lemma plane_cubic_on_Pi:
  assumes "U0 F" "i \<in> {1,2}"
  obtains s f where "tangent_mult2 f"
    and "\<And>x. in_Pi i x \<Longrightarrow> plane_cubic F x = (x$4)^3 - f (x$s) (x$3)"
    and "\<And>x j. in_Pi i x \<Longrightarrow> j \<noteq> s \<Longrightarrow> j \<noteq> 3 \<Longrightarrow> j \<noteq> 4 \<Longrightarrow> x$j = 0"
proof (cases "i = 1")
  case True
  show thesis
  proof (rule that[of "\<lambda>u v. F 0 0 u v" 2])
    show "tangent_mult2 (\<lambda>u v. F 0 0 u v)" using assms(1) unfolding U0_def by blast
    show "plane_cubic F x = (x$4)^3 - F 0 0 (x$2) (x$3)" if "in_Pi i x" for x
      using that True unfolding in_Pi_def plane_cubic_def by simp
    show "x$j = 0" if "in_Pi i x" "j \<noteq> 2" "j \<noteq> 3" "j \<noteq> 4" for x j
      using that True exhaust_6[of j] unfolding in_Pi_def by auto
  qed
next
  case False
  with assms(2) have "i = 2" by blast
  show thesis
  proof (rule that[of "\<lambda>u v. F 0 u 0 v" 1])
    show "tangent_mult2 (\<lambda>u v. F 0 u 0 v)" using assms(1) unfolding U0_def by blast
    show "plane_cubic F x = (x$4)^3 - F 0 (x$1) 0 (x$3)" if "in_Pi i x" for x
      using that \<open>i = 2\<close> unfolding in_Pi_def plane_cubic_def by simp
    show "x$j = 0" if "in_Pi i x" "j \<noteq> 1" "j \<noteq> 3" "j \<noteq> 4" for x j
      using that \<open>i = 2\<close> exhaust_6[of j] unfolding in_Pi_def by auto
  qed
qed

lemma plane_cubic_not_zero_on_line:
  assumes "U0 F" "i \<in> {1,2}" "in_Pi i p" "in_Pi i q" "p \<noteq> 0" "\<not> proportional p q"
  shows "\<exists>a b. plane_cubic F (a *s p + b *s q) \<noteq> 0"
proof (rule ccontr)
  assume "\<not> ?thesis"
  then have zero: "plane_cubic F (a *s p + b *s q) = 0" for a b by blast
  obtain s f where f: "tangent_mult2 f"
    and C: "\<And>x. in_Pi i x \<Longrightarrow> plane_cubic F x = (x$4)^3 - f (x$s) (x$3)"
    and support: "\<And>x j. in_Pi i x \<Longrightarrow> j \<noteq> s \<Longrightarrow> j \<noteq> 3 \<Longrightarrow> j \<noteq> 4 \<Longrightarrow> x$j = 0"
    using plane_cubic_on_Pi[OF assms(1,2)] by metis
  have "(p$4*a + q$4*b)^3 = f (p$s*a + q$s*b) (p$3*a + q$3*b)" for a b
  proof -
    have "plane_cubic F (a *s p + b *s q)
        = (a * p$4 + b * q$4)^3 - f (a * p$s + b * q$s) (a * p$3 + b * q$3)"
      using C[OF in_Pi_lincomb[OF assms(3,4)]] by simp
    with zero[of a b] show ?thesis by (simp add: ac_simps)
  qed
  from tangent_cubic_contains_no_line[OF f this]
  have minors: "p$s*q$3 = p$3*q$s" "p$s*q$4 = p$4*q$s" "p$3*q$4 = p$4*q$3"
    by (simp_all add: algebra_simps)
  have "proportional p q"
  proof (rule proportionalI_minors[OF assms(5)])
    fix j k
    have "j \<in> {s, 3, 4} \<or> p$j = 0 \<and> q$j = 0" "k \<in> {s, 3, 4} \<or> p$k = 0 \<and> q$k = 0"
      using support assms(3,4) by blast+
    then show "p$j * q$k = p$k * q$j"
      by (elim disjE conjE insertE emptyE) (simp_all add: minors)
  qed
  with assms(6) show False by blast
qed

___

Search the records for the string "auto", and copy every line that holds it.

      using that True exhaust_6[of j] unfolding in_Pi_def by auto
      using that \<open>i = 2\<close> exhaust_6[of j] unfolding in_Pi_def by auto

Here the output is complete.